Иван Толстой: Леонид Матвеевич, позвольте кровожадный вопрос: когда первая кровь появится в вашем рассказе? Пока все в порядке, никого не посадили, никого не четвертовали, и может создаться впечатление у слушателя, который не знает, к чему все это идет в истории, что все так проработками и собраниями и закончится. Но мы-то с вами знаем, к чему все свелось.

Леонид Аринштейн: Свелось все к тому, что уже начиная с зимы 1949 года, несмотря на то, что многие не хотели становиться на позиции погромщиков, начинает, что вы называете, ''литься кровь''. Георгий Петрович Бердников собрал вокруг себя довольно большое количество людей, которые готовы были верой и правдой всеми локтями разбрасывать, уничтожать, выгонять из университета старую профессуру и сами занимать их места.
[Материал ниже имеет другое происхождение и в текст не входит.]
lemma helix_quasi_periodic:
  assumes "w * W = of_int m * 2 * pi"
  shows "helix R w k (t + W) = hmul (hexp 0 0 (k * W)) (helix R w k t)"
proof -
  have "sin (of_int m * 2 * pi) = 0" "cos (of_int m * 2 * pi) = 1"
    using sin_int_2pin[of m] cos_int_2pin[of m] by (simp_all add: mult_ac)
  then have "sin (w * (t + W)) = sin (w * t)" "cos (w * (t + W)) = cos (w * t)"
    unfolding distrib_left assms sin_add cos_add by simp_all
  then show ?thesis
    by (simp add: helix_def heis_eq_iff algebra_simps)
qed

lemma helix_length_in_mag_lengths:
  assumes "E \<ge> 0" "A * (R * w)^2 + (k + R^2 * w / 2)^2 = E^2" "A * w = B - (k + R^2 * w / 2)"
    and "W > 0" "w * W = of_int m * 2 * pi"
  shows "E * W \<in> mag_lengths A B E {hexp 0 0 (k * W)}"
  unfolding mag_lengths_def
  using helix_mag_geodesic[OF assms(1-3)] helix_quasi_periodic[OF assms(5)] \<open>W > 0\<close> by blast

lemma vertical_drift_eq:
  fixes B c E W :: real
  assumes "c \<noteq> B"
  shows "W * (c - (E^2 - c^2) / (2 * (B - c))) = - W * ((B - c)^2 + E^2 - B^2) / (2 * (B - c))"
  using assms by (simp add: field_simps power2_eq_square)

lemma closed_central_mag_geodesic_drift:
  assumes "A > 0" "E \<ge> 0" and "mag_geodesic A B E s" and "W > 0"
    and deck: "\<And>t. s (t + W) = hmul (hexp 0 0 z) (s t)"
  obtains c where "\<bar>c\<bar> = E" "z = W * c"
  | c m where "\<bar>c\<bar> < E" "c \<noteq> B" "(B - c) * W = 2 * pi * A * of_int m"
      "z = - W * ((B - c)^2 + E^2 - B^2) / (2 * (B - c))"
proof -
  obtain u v c where dx: "\<And>t. ((\<lambda>t. s t $ 1) has_real_derivative u t) (at t)"
    and dy: "\<And>t. ((\<lambda>t. s t $ 2) has_real_derivative v t) (at t)"
    and dz: "\<And>t. ((\<lambda>t. s t $ 3) has_real_derivative c - (s t $ 2 * u t - s t $ 1 * v t) / 2) (at t)"
    and du: "\<And>t. (u has_real_derivative (B - c) / A * v t) (at t)"
    and dv: "\<And>t. (v has_real_derivative - ((B - c) / A) * u t) (at t)"
    and speed: "\<And>t. A * ((u t)^2 + (v t)^2) + c^2 = E^2"
    using mag_geodesic_reduced[OF assms(1,3)] by blast
  define S where "S = (E^2 - c^2) / A"
  have speed': "(u t)^2 + (v t)^2 = S" for t
    using speed[of t] \<open>A > 0\<close> by (simp add: S_def field_simps)
  have periodic: "s (t + W) $ 1 = s t $ 1" "s (t + W) $ 2 = s t $ 2" "s (t + W) $ 3 = s t $ 3 + z" for t
    by (simp_all add: deck)
  show thesis
  proof (cases "u 0 = 0 \<and> v 0 = 0")
    case True
    then have "S = 0"
      using speed'[of 0] by simp
    then have "u t = 0 \<and> v t = 0" for t
      using speed'[of t] by (simp add: sum_power2_eq_zero_iff)
    then have "s W $ 3 - s 0 $ 3 = (W - 0) * c"
      using dz \<open>W > 0\<close> by (intro DERIV_const_ratio_const) auto
    moreover have "\<bar>c\<bar>^2 = E^2"
      using \<open>S = 0\<close> \<open>A > 0\<close> by (simp add: S_def)
    then have "\<bar>c\<bar> = E"
      using \<open>E \<ge> 0\<close> power2_eq_iff_nonneg[of "\<bar>c\<bar>" E] by simp
    ultimately show thesis
      using that(1) periodic(3)[of 0] by simp
  next
    case False
    then obtain m :: int where "(B - c) / A \<noteq> 0" and m: "(B - c) / A * W = of_int m * 2 * pi"
      using periodic_gyration_period[of W, OF _ dx dy du dv periodic(1,2)] \<open>W > 0\<close> by auto
    then have "c \<noteq> B" and period: "(B - c) * W = 2 * pi * A * of_int m"
      using \<open>A > 0\<close> by (auto simp: field_simps)
    have "S > 0"
      using False speed'[of 0] sum_power2_gt_zero_iff by metis
    then have "\<bar>c\<bar>^2 < E^2"
      using \<open>A > 0\<close> by (simp add: S_def zero_less_divide_iff)
    then have "\<bar>c\<bar> < E"
      using \<open>E \<ge> 0\<close> power2_less_imp_less by blast
    have "s W $ 3 - s 0 $ 3 = W * (c - S / (2 * ((B - c) / A)))"
      using guiding_center_drift[where W = W, OF \<open>(B - c) / A \<noteq> 0\<close> dx dy du dv dz speed']
        periodic(1,2)[of 0] by simp
    moreover have "S / (2 * ((B - c) / A)) = (E^2 - c^2) / (2 * (B - c))"
      using \<open>A > 0\<close> by (simp add: S_def)
    ultimately have "z = W * (c - (E^2 - c^2) / (2 * (B - c)))"
      using periodic(3)[of 0] by simp
    then have drift: "z = - W * ((B - c)^2 + E^2 - B^2) / (2 * (B - c))"
      unfolding vertical_drift_eq[OF \<open>c \<noteq> B\<close>] .
    show thesis
      by (rule that(2)[OF \<open>\<bar>c\<bar> < E\<close> \<open>c \<noteq> B\<close> period drift])
  qed
qed

lemma gyrating_helix_length:
  assumes "A > 0" "\<bar>c\<bar> < E" "c \<noteq> B" "W > 0" and period: "(B - c) * W = 2 * pi * A * of_int m"
  shows "E * W \<in> mag_lengths A B E {hexp 0 0 (- W * ((B - c)^2 + E^2 - B^2) / (2 * (B - c)))}"
proof -
  define \<omega> S where "\<omega> = (B - c) / A" and "S = (E^2 - c^2) / A"
  define R where "R = sqrt S / \<bar>\<omega>\<bar>"
  define k where "k = c - R^2 * \<omega> / 2"
  have "\<omega> \<noteq> 0"
    using \<open>A > 0\<close> \<open>c \<noteq> B\<close> by (simp add: \<omega>_def)
  have "S > 0"
  proof -
    have "c^2 < E^2"
      using power_strict_mono[OF \<open>\<bar>c\<bar> < E\<close> abs_ge_zero, of 2] by simp
    then show ?thesis
      using \<open>A > 0\<close> by (simp add: S_def)
  qed
  have R\<omega>: "R^2 * \<omega>^2 = S"
    using \<open>S > 0\<close> \<open>\<omega> \<noteq> 0\<close> by (simp add: R_def power_divide)
  have "A * (R * \<omega>)^2 + (k + R^2 * \<omega> / 2)^2 = E^2"
    using R\<omega> \<open>A > 0\<close> by (simp add: k_def S_def power_mult_distrib)
  moreover have "A * \<omega> = B - (k + R^2 * \<omega> / 2)"
    using \<open>A > 0\<close> by (simp add: k_def \<omega>_def)
  moreover have "\<omega> * W = of_int m * 2 * pi"
    using period \<open>A > 0\<close> by (simp add: \<omega>_def field_simps)
  moreover have kW: "k * W = - W * ((B - c)^2 + E^2 - B^2) / (2 * (B - c))"
  proof -
    have "R^2 * \<omega> / 2 = S / (2 * \<omega>)"
      using R\<omega> \<open>\<omega> \<noteq> 0\<close> by (simp add: field_simps power2_eq_square)
    also have "\<dots> = (E^2 - c^2) / (2 * (B - c))"
      using \<open>A > 0\<close> by (simp add: S_def \<omega>_def)
    finally have "k = c - (E^2 - c^2) / (2 * (B - c))"
      by (metis k_def)
    then show ?thesis
      using vertical_drift_eq[OF \<open>c \<noteq> B\<close>, of W E] by (simp add: mult.commute)
  qed
  ultimately have "E * W \<in> mag_lengths A B E {hexp 0 0 (k * W)}"
    using helix_length_in_mag_lengths[of E A R \<omega> k B W m] \<open>\<bar>c\<bar> < E\<close> \<open>W > 0\<close> by simp
  then show ?thesis
    unfolding kW .
qed

lemma one_turn_helix_length:
  assumes "A > 0" "0 < d" "d < E - \<bar>B\<bar>" and \<sigma>: "\<sigma> = 1 \<or> \<sigma> = -1"
  shows "2 * pi * A * E / d \<in> mag_lengths A B E {hexp 0 0 (\<sigma> * pi * A * (d^2 + E^2 - B^2) / d^2)}"
proof -
  define c where "c = B + \<sigma> * d"
  have "\<bar>c\<bar> \<le> \<bar>B\<bar> + \<bar>\<sigma> * d\<bar>"
    unfolding c_def by (rule abs_triangle_ineq)
  then have "\<bar>c\<bar> < E"
    using \<sigma> \<open>d > 0\<close> \<open>d < E - \<bar>B\<bar>\<close> by auto
  have "c \<noteq> B"
    using \<sigma> \<open>d > 0\<close> by (auto simp: c_def)
  have "2 * pi * A / d > 0"
    using \<open>A > 0\<close> \<open>d > 0\<close> by simp
  moreover have "(B - c) * (2 * pi * A / d) = 2 * pi * A * of_int (if \<sigma> = 1 then -1 else 1 :: int)"
    using \<sigma> \<open>d > 0\<close> by (auto simp: c_def)
  ultimately have "E * (2 * pi * A / d) \<in> mag_lengths A B E
      {hexp 0 0 (- (2 * pi * A / d) * ((B - c)^2 + E^2 - B^2) / (2 * (B - c)))}"
    using gyrating_helix_length[OF \<open>A > 0\<close> \<open>\<bar>c\<bar> < E\<close> \<open>c \<noteq> B\<close>] by blast
  moreover have "- (2 * pi * A / d) * ((B - c)^2 + E^2 - B^2) / (2 * (B - c))
      = \<sigma> * pi * A * (d^2 + E^2 - B^2) / d^2"
    using \<sigma> \<open>d > 0\<close> by (elim disjE) (simp_all add: c_def field_simps power2_eq_square)
  ultimately show ?thesis
    by (simp add: mult_ac)
qed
Всё это было необычайно легко и просто. Сначала проходили какие-то партийные бюро, на некоторых я присутствовал (хотя я не был членом партийного бюро, но приглашали широкий актив, а поскольку я в газете был, меня тоже приглашали, но к этому времени я газету покинул, правда), потом проходило партийное собрание, потом совместное заседание Ученого совета и партийной организации, это что-то вроде партхозактива в обычных учреждениях, и там занимались проработкой, разоблачением крупных профессоров. И сейчас я расскажу, как это всё было.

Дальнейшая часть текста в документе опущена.